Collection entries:
**********
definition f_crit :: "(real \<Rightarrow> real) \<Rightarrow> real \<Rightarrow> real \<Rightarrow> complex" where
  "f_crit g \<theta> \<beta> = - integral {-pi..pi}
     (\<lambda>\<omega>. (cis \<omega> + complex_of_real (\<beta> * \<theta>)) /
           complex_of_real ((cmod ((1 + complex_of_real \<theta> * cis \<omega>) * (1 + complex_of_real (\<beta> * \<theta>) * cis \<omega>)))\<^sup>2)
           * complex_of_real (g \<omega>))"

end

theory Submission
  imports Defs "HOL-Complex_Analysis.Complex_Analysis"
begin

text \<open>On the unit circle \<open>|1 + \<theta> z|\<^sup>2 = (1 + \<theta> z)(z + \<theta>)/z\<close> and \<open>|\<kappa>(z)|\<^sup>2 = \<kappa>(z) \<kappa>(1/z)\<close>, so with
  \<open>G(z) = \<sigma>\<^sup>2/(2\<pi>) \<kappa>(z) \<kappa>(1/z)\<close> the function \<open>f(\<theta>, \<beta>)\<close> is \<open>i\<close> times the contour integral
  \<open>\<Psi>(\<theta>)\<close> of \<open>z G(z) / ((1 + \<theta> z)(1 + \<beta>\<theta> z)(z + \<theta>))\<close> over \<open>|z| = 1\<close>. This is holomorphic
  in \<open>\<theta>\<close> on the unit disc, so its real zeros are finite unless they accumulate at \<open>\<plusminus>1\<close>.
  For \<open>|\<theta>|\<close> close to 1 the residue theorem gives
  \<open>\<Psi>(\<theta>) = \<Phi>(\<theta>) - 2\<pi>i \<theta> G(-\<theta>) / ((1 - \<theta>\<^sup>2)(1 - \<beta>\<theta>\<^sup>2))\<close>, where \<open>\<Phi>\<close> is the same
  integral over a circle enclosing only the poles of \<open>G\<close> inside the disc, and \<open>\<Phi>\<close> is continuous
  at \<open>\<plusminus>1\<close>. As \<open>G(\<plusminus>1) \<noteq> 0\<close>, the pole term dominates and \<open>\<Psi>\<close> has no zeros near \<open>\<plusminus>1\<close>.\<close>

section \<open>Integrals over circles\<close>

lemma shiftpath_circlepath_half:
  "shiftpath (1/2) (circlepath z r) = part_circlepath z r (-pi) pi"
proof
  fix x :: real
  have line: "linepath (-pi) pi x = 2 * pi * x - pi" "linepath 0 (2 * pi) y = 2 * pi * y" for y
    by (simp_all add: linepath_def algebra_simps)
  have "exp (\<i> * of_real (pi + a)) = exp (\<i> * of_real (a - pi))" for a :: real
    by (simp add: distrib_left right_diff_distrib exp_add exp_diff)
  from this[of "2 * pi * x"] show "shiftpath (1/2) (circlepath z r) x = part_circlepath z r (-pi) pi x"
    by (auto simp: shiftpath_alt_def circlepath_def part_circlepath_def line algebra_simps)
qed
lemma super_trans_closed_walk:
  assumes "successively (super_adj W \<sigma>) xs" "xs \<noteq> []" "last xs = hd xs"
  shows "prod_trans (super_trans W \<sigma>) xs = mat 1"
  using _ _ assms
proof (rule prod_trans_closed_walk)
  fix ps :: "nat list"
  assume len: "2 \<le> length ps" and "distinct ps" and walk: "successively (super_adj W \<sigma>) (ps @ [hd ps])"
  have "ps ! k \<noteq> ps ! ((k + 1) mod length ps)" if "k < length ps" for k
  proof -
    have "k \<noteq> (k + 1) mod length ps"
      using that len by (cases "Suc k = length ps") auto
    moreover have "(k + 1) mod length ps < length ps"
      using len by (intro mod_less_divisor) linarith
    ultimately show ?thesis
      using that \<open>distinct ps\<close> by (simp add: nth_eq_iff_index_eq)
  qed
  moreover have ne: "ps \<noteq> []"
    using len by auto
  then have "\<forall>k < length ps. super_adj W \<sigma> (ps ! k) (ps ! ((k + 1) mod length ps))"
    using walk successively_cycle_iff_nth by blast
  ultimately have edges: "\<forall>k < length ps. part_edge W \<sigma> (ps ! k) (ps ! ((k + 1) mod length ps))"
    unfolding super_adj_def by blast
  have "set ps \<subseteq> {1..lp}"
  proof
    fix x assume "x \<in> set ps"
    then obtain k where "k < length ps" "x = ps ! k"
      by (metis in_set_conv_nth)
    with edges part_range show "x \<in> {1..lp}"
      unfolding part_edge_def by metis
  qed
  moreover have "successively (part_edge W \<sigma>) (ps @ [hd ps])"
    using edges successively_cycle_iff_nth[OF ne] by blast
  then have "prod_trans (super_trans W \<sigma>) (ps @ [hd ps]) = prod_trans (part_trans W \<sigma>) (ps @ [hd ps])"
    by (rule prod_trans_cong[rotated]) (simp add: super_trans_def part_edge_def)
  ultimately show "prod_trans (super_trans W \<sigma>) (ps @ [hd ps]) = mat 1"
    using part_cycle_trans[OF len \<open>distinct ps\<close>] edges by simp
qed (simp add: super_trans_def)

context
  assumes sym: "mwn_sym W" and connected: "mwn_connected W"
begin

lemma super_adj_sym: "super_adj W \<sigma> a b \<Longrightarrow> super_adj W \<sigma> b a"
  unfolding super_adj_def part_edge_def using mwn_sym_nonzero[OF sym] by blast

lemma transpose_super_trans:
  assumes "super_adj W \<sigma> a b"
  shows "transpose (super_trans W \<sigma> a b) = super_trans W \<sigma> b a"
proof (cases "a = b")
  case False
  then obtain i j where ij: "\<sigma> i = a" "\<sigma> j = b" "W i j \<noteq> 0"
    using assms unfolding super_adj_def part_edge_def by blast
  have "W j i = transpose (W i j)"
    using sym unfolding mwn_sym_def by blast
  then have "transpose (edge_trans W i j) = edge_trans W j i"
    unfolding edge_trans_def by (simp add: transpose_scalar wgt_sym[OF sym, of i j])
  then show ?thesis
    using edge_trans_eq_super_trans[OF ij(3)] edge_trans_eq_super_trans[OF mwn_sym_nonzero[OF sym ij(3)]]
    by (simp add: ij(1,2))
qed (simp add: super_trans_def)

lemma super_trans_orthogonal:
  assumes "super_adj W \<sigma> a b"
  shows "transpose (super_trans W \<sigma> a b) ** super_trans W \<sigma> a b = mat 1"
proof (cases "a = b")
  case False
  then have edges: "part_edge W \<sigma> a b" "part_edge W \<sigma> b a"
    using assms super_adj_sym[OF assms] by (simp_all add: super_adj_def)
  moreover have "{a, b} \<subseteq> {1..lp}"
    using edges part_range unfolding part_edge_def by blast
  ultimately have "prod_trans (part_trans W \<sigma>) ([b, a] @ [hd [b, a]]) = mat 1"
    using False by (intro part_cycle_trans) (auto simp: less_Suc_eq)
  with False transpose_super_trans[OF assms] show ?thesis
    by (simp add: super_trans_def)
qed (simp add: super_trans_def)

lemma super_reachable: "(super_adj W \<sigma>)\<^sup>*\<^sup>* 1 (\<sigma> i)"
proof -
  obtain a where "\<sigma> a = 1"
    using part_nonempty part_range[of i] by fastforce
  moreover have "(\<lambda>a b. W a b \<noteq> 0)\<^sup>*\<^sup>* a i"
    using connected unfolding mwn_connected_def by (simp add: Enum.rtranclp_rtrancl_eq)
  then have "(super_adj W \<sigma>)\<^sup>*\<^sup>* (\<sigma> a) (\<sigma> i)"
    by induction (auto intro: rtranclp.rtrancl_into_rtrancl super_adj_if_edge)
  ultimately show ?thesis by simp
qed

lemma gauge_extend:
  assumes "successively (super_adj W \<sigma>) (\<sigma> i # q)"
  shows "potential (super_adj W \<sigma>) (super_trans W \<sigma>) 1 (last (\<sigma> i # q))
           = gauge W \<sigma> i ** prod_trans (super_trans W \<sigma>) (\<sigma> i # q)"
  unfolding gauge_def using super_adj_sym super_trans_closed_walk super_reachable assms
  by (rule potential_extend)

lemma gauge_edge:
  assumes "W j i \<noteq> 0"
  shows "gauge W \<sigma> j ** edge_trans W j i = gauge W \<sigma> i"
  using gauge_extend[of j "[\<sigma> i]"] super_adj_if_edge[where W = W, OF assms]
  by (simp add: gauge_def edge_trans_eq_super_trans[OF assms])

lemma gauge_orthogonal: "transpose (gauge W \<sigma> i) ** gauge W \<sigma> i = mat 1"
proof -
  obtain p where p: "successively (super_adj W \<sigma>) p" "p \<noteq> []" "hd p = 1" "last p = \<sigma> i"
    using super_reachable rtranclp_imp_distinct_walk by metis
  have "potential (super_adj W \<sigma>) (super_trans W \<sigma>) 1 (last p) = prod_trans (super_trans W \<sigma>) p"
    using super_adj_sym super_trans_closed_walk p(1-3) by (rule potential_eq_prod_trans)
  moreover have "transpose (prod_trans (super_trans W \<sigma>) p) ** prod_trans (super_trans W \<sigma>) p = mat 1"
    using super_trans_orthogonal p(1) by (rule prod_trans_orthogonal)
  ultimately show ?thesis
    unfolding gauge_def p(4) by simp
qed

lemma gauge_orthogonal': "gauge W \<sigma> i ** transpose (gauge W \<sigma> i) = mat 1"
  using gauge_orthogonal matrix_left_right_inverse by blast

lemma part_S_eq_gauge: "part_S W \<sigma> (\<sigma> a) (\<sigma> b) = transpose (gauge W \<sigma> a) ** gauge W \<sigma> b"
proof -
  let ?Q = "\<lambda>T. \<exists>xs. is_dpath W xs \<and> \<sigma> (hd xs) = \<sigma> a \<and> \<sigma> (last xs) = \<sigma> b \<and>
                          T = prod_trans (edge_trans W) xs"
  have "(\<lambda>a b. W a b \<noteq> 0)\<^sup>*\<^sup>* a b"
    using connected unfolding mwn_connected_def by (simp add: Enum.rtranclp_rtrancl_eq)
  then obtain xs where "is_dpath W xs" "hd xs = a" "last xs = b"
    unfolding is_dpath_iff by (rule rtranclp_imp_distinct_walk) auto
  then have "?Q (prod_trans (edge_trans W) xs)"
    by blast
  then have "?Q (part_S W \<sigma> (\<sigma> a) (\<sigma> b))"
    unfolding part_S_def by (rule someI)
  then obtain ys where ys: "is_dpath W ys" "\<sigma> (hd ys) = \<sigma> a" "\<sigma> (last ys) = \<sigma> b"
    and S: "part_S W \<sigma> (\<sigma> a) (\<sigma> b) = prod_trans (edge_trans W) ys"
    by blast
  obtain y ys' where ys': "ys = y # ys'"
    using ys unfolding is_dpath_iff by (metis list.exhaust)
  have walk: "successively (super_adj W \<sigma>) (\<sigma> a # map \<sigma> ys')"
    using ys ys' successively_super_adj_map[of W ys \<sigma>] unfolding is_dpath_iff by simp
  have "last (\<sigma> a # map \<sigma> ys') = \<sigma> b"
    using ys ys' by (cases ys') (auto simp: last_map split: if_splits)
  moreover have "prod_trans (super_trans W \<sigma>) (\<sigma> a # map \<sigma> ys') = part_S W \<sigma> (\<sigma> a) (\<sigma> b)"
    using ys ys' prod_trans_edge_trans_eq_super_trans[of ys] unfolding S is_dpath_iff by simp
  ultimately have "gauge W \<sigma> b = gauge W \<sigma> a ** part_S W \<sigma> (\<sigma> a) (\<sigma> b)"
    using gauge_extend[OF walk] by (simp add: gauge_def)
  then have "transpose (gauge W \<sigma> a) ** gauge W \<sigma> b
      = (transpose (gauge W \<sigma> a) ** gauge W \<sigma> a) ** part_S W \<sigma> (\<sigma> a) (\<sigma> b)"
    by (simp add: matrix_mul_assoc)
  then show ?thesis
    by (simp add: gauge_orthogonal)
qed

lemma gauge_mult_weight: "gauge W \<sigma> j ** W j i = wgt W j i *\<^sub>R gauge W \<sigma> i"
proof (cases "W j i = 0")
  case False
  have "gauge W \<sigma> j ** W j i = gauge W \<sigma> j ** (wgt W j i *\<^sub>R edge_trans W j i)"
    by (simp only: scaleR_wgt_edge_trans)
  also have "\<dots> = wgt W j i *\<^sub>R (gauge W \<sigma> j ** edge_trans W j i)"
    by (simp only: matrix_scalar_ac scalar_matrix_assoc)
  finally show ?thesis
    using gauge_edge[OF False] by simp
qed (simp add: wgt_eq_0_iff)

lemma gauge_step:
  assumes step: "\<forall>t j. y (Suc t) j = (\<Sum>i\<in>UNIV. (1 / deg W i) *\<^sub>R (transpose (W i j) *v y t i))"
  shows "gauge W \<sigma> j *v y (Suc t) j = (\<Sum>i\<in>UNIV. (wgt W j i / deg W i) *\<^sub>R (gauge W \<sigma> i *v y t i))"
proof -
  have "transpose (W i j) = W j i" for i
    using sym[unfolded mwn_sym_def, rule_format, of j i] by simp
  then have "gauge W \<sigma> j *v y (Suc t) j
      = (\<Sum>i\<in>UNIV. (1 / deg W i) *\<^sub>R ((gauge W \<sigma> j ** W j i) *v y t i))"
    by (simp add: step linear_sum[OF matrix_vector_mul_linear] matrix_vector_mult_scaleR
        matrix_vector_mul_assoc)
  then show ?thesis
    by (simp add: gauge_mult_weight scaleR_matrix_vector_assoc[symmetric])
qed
**********
(YOUR OBJECTIVE) Please restate only the opening stretch of the records above: every line from the first through the one containing "For \<open>|\<theta>|\<close> close", exactly as written.

(WORKED SOLUTION)
definition f_crit :: "(real \<Rightarrow> real) \<Rightarrow> real \<Rightarrow> real \<Rightarrow> complex" where
  "f_crit g \<theta> \<beta> = - integral {-pi..pi}
     (\<lambda>\<omega>. (cis \<omega> + complex_of_real (\<beta> * \<theta>)) /
           complex_of_real ((cmod ((1 + complex_of_real \<theta> * cis \<omega>) * (1 + complex_of_real (\<beta> * \<theta>) * cis \<omega>)))\<^sup>2)
           * complex_of_real (g \<omega>))"

end

theory Submission
  imports Defs "HOL-Complex_Analysis.Complex_Analysis"
begin

text \<open>On the unit circle \<open>|1 + \<theta> z|\<^sup>2 = (1 + \<theta> z)(z + \<theta>)/z\<close> and \<open>|\<kappa>(z)|\<^sup>2 = \<kappa>(z) \<kappa>(1/z)\<close>, so with
  \<open>G(z) = \<sigma>\<^sup>2/(2\<pi>) \<kappa>(z) \<kappa>(1/z)\<close> the function \<open>f(\<theta>, \<beta>)\<close> is \<open>i\<close> times the contour integral
  \<open>\<Psi>(\<theta>)\<close> of \<open>z G(z) / ((1 + \<theta> z)(1 + \<beta>\<theta> z)(z + \<theta>))\<close> over \<open>|z| = 1\<close>. This is holomorphic
  in \<open>\<theta>\<close> on the unit disc, so its real zeros are finite unless they accumulate at \<open>\<plusminus>1\<close>.
  For \<open>|\<theta>|\<close> close to 1 the residue theorem gives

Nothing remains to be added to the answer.